==== Task material ====

(* Let $\hat P=\mathrm{Spec}(B)\not\simeq S\times\mathbb{G}_a$ be an affine extension of the trivial bundle $S_*\times\mathbb{G}_a$ to which the vertical $\mathbb{G}_m$-action extends. Then $B=\mathcal O(S)\oplus\bigoplus_{\nu\ge1}\mathfrak m_\nu t^\nu\subset\mathcal O(S)[t]$ for a decreasing sequence $(\mathfrak m_\nu)_{\nu\ge1}$ of $\mathfrak m_{\mathbf x}$-primary ideals of $\mathcal O(S)$. Consequently (Corollary) $\hat P$ is of the second kind.
   Context: All varieties are over $\mathbb{C}$. $S$ is a normal affine surface, $\mathbf{x}\in S$ a closed regular point with maximal ideal $\mathfrak m_{\mathbf x}\subset\mathcal O(S)$, $S_*=S\setminus\{\mathbf{x}\}$. An affine extension of a principal $\mathbb{G}_a$-bundle $\pi\colon P\to S_*$ is a normal affine $\mathbb{G}_a$-variety $\hat P=\mathrm{Spec}(B)$ with a morphism $\hat\pi\colon\hat P\to S$ and a $\mathbb{G}_a$-equivariant dominant open embedding $\iota\colon P\hookrightarrow\hat P$ with $\iota(P)=\hat\pi^{-1}(S_* )$ and $\hat\pi\circ\iota=\pi$; $B\subset\mathcal O(P)$ via $\iota^*$. For $P=S_*\times\mathbb{G}_a$ (translation action), $\mathcal O(P)=\mathcal O(S)[t]$; the vertical $\mathbb{G}_m$-action is $\lambda\cdot(s,t)=(s,\lambda t)$. The extension is of the second kind if the morphism $j\colon S\times\mathbb G_a\to\hat P$ with $j^*=\iota^*$ maps $\{\mathbf x\}\times\mathbb G_a$ to a point. *)

theory Defs
  imports Complex_Main "HOL-Computational_Algebra.Polynomial"
begin

text \<open>Commutative algebra over a base field embedded via a ring homomorphism
  k :: complex => 'b.  The coordinate ring O(S) is the whole type 'a, and
  O(S)[t] is 'a poly.\<close>

definition is_ring_hom_C :: "(complex \<Rightarrow> 'b::comm_ring_1) \<Rightarrow> bool" where
  "is_ring_hom_C k \<longleftrightarrow> k 1 = 1 \<and> (\<forall>x y. k (x + y) = k x + k y) \<and> (\<forall>x y. k (x * y) = k x * k y)"

inductive_set subalg_gen :: "(complex \<Rightarrow> 'b::comm_ring_1) \<Rightarrow> 'b set \<Rightarrow> 'b set"
  for k :: "complex \<Rightarrow> 'b" and G :: "'b set" where
  gen: "g \<in> G \<Longrightarrow> g \<in> subalg_gen k G"
| const: "k z \<in> subalg_gen k G"
| add: "x \<in> subalg_gen k G \<Longrightarrow> y \<in> subalg_gen k G \<Longrightarrow> x + y \<in> subalg_gen k G"
| mult: "x \<in> subalg_gen k G \<Longrightarrow> y \<in> subalg_gen k G \<Longrightarrow> x * y \<in> subalg_gen k G"

definition fg_algebra :: "(complex \<Rightarrow> 'b::comm_ring_1) \<Rightarrow> 'b set \<Rightarrow> bool" where
  "fg_algebra k R \<longleftrightarrow> (\<exists>G. finite G \<and> G \<subseteq> R \<and> subalg_gen k G = R)"

text \<open>A subring R of a domain is integrally closed in its field of fractions:
  if a/b (a, b in R, b nonzero) satisfies a monic equation over R, then b divides a in R.\<close>
definition integrally_closed :: "'b::idom set \<Rightarrow> bool" where
  "integrally_closed R \<longleftrightarrow>
     (\<forall>a\<in>R. \<forall>b\<in>R. b \<noteq> 0 \<longrightarrow>
        (\<exists>n>0. \<exists>cs. (\<forall>i. cs i \<in> R) \<and> a ^ n + (\<Sum>i=1..n. cs i * a ^ (n - i) * b ^ i) = 0)
        \<longrightarrow> (\<exists>q\<in>R. a = q * b))"

definition is_ideal :: "'a::comm_ring_1 set \<Rightarrow> bool" where
  "is_ideal I \<longleftrightarrow> 0 \<in> I \<and> (\<forall>x\<in>I. \<forall>y\<in>I. x + y \<in> I) \<and> (\<forall>r. \<forall>x\<in>I. r * x \<in> I)"

definition prime_ideal :: "'a::comm_ring_1 set \<Rightarrow> bool" where
  "prime_ideal P \<longleftrightarrow> is_ideal P \<and> P \<noteq> UNIV \<and> (\<forall>x y. x * y \<in> P \<longrightarrow> x \<in> P \<or> y \<in> P)"

definition maximal_ideal :: "'a::comm_ring_1 set \<Rightarrow> bool" where
  "maximal_ideal m \<longleftrightarrow> is_ideal m \<and> m \<noteq> UNIV \<and>
     (\<forall>I. is_ideal I \<longrightarrow> m \<subseteq> I \<longrightarrow> I = m \<or> I = UNIV)"

text \<open>A chain of prime ideals P0 < P1 < ... < Pn (a list of n+1 primes has length n).\<close>
definition prime_chain :: "'a::comm_ring_1 set list \<Rightarrow> bool" where
  "prime_chain ps \<longleftrightarrow> ps \<noteq> [] \<and> (\<forall>P\<in>set ps. prime_ideal P) \<and> sorted_wrt (\<subset>) ps"

definition krull_dim_is :: "'a::comm_ring_1 itself \<Rightarrow> nat \<Rightarrow> bool" where
  "krull_dim_is (T::'a itself) n \<longleftrightarrow>
     (\<exists>ps::'a set list. prime_chain ps \<and> length ps = n + 1) \<and>
     (\<forall>ps::'a set list. prime_chain ps \<longrightarrow> length ps \<le> n + 1)"

definition height_is :: "'a::comm_ring_1 set \<Rightarrow> nat \<Rightarrow> bool" where
  "height_is P n \<longleftrightarrow>
     (\<exists>ps. prime_chain ps \<and> last ps = P \<and> length ps = n + 1) \<and>
     (\<forall>ps. prime_chain ps \<longrightarrow> last ps = P \<longrightarrow> length ps \<le> n + 1)"

definition ideal_sq :: "'a::comm_ring_1 set \<Rightarrow> 'a set" where
  "ideal_sq m = {(\<Sum>i<(n::nat). a i * b i) | n a b. \<forall>i<n. a i \<in> m \<and> b i \<in> m}"

text \<open>The closed point with maximal ideal m is regular: the local ring at m is regular,
  i.e. dim_{A/m} (m/m^2) equals dim A_m = height m.\<close>
definition regular_point :: "'a::comm_ring_1 set \<Rightarrow> bool" where
  "regular_point m \<longleftrightarrow> (\<exists>n us. height_is m n \<and> length us = n \<and> set us \<subseteq> m \<and>
     (\<forall>y\<in>m. \<exists>as. length as = n \<and> y - (\<Sum>i<n. as ! i * us ! i) \<in> ideal_sq m) \<and>
     (\<forall>as. length as = n \<longrightarrow> (\<Sum>i<n. as ! i * us ! i) \<in> ideal_sq m \<longrightarrow> set as \<subseteq> m))"

definition radical :: "'a::comm_ring_1 set \<Rightarrow> 'a set" where
  "radical I = {x. \<exists>n. x ^ n \<in> I}"

definition primary_to :: "'a::comm_ring_1 set \<Rightarrow> 'a set \<Rightarrow> bool" where
  "primary_to m Q \<longleftrightarrow> is_ideal Q \<and> Q \<noteq> UNIV \<and>
     (\<forall>x y. x * y \<in> Q \<longrightarrow> x \<notin> Q \<longrightarrow> (\<exists>n. y ^ n \<in> Q)) \<and> radical Q = m"

definition affine_extension_trivial :: "(complex \<Rightarrow> 'a::idom) \<Rightarrow> 'a set \<Rightarrow> 'a poly set \<Rightarrow> bool" where
  "affine_extension_trivial c m B \<longleftrightarrow>
     fg_algebra (\<lambda>z. [:c z:]) B \<and>
     integrally_closed B \<and>
     (\<forall>a. [:a:] \<in> B) \<and>
     (\<forall>p\<in>B. \<forall>z. pcompose p [:c z, 1:] \<in> B) \<and>
     (\<forall>f\<in>m. \<forall>p. \<exists>n. smult (f ^ n) p \<in> B)"

text \<open>The vertical G_m-action lambda.(s,t) = (s, lambda t) extends to Spec B.\<close>
definition vertical_Gm_extends :: "(complex \<Rightarrow> 'a::idom) \<Rightarrow> 'a poly set \<Rightarrow> bool" where
  "vertical_Gm_extends c B \<longleftrightarrow> (\<forall>p\<in>B. \<forall>z. z \<noteq> 0 \<longrightarrow> pcompose p [:0, c z:] \<in> B)"

text \<open>Second kind: j maps {x} x G_a to a point, i.e. the composite B -> O(S)[t] -> (O(S)/m)[t]
  lands in the constants.\<close>
definition second_kind :: "'a::idom set \<Rightarrow> 'a poly set \<Rightarrow> bool" where
  "second_kind m B \<longleftrightarrow> (\<forall>p\<in>B. \<forall>n\<ge>1. coeff p n \<in> m)"

end

theory Submission
  imports Defs
begin

(* B is a C-subalgebra of O(S)[t] containing O(S), stable under the
   translations t -> t + c z and (by hypothesis) under the dilations t -> c z * t.
   1. Weight decomposition: the dilation t -> 2t acts on monom a n with eigenvalue 2^n;
      since nonzero integers are invertible in O(S) (O(S) is a C-algebra), a product of
      the operators (dilation - 2^j) isolates each homogeneous component, so B contains
      the components of its elements.  Hence B = O(S) + sum of M_nu t^nu, where
      M_nu = {a. a t^nu in B}, and each M_nu is an ideal.
   2. Translation t -> t + 1 maps a t^(nu+1) to a (t+1)^(nu+1), whose t^nu component is
      (nu+1) a t^nu; so M_(nu+1) <= M_nu.
   3. M_1 is proper (else t in B and B = O(S)[t]), so all M_nu (nu >= 1) are proper; the
      localisation property of the extension gives m <= rad M_nu; and a proper ideal whose
      radical contains a maximal ideal m is m-primary.
   4. Second kind: every coefficient of weight nu >= 1 lies in M_nu <= rad M_nu = m. *)

section \<open>Consequences of the C-algebra structure\<close>

text \<open>A ring homomorphism from C fixes the integers; in particular nonzero integers
  become units, which is all we need of the base field.\<close>

lemma ring_hom_C_of_int:
  assumes hom: "is_ring_hom_C c"
  shows "c (of_int k) = of_int k"
proof -
  have add: "\<And>x y. c (x + y) = c x + c y" and one: "c 1 = 1"
    using hom unfolding is_ring_hom_C_def by auto
  have zero: "c 0 = 0" using add[of 0 0] by simp
  have neg: "c (- x) = - c x" for x
    using add[of x "- x"] zero by (simp add: eq_neg_iff_add_eq_0 add.commute)
  have nat: "c (of_nat n) = of_nat n" for n
    by (induction n) (simp_all add: zero add one)
  show ?thesis
  proof (cases "k \<ge> 0")
    case True
    then show ?thesis using nat[of "nat k"] by (metis of_int_of_nat_eq nat_0_le)
  next
    case False
    then have "k = - of_nat (nat (- k))" by simp
    then show ?thesis using neg[of "of_nat (nat (- k))"] nat[of "nat (- k)"] by (metis of_int_minus of_int_of_nat_eq)
  qed
qed

lemma ring_hom_C_int_unit:
  fixes c :: "complex \<Rightarrow> 'a::comm_ring_1"
  assumes hom: "is_ring_hom_C c" and K: "K \<noteq> 0"
  shows "\<exists>u::'a. u * of_int K = 1"
proof
  have "c (1 / of_int K * of_int K) = 1" using K hom unfolding is_ring_hom_C_def by simp
  then show "c (1 / of_int K) * of_int K = 1"
    using hom ring_hom_C_of_int[OF hom, of K] unfolding is_ring_hom_C_def by metis
qed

====

(Exercise brief): Copy out precisely the lines from the line with "m \<noteq> UNIV \<and>" to the line with "text \<open>A chain" in the material above, including those two lines and omitting all the rest.

(Problem solution):
  "maximal_ideal m \<longleftrightarrow> is_ideal m \<and> m \<noteq> UNIV \<and>
     (\<forall>I. is_ideal I \<longrightarrow> m \<subseteq> I \<longrightarrow> I = m \<or> I = UNIV)"

text \<open>A chain of prime ideals P0 < P1 < ... < Pn (a list of n+1 primes has length n).\<close>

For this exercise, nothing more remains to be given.